lemma real_normed_field_quadratic_root:
  fixes x :: "'a::real_normed_field"
  obtains a c where "a^2 \<le> c" "eval_real_poly (monic_quadratic a c) x = 0"
proof -
  obtain a0 c0 where ac0: "a0^2 \<le> c0"
    and min: "\<And>a c. a^2 \<le> c \<Longrightarrow>
      norm (eval_real_poly (monic_quadratic a0 c0) x) \<le> norm (eval_real_poly (monic_quadratic a c) x)"
    and max_c: "\<And>a c. a^2 \<le> c \<Longrightarrow>
      norm (eval_real_poly (monic_quadratic a c) x) = norm (eval_real_poly (monic_quadratic a0 c0) x) \<Longrightarrow>
      c \<le> c0"
    using monic_quadratic_norm_minimizer[of x] by blast
  define m where "m = norm (eval_real_poly (monic_quadratic a0 c0) x)"
  have "m = 0"
  proof (rule ccontr)
    assume "m \<noteq> 0"
    then have "0 < m" unfolding m_def by simp
    define e where "e = m/2"
    define F where "F = norm (eval_real_poly (monic_quadratic a0 (c0 + e)) x)"
    have "0 < e" using \<open>0 < m\<close> unfolding e_def by simp
    have F_le: "F \<le> m + e * (1/4)^k" for k
    proof -
      have "m^(2*k) * F \<le> m^(2*k+1) + e^(2*k+1)"
        unfolding F_def using norm_monic_quadratic_shift[OF _ min ac0 _ \<open>0 < e\<close>, of k] m_def by simp
      also have "\<dots> = m^(2*k) * (m + e * (1/4)^k)"
      proof -
        have "(m/2)^2 = m^2 * (1/4)" by (simp add: power_divide)
        then have "e^(2*k) = m^(2*k) * (1/4)^k"
          unfolding e_def power_mult by (simp only: power_mult_distrib)
        then show ?thesis by (simp add: algebra_simps)
      qed
      finally show ?thesis using \<open>0 < m\<close> by simp
    qed
    have "(\<lambda>k. m + e * (1/4)^k) \<longlonglongrightarrow> m + e * 0"
      by (intro tendsto_intros LIMSEQ_power_zero) simp
    then have "F \<le> m"
      using F_le by (intro LIMSEQ_le_const) auto
    moreover have "m \<le> F"
      unfolding F_def m_def using ac0 \<open>0 < e\<close> by (intro min) simp
    ultimately have "c0 + e \<le> c0"
      using ac0 \<open>0 < e\<close> by (intro max_c[of a0]) (simp_all add: F_def m_def)
    then show False using \<open>0 < e\<close> by simp
  qed
  then show thesis using that ac0 unfolding m_def by simp
qed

==========

▶ _Work to be completed_: Sift the material for lines that include the word "have", and copy each one.

▶ _Exercise result_:
  have "m = 0"
    then have "0 < m" unfolding m_def by simp
    have "0 < e" using \<open>0 < m\<close> unfolding e_def by simp
    have F_le: "F \<le> m + e * (1/4)^k" for k
      have "m^(2*k) * F \<le> m^(2*k+1) + e^(2*k+1)"
      also have "\<dots> = m^(2*k) * (m + e * (1/4)^k)"
        have "(m/2)^2 = m^2 * (1/4)" by (simp add: power_divide)
        then have "e^(2*k) = m^(2*k) * (1/4)^k"
    have "(\<lambda>k. m + e * (1/4)^k) \<longlonglongrightarrow> m + e * 0"
    then have "F \<le> m"
    moreover have "m \<le> F"
    ultimately have "c0 + e \<le> c0"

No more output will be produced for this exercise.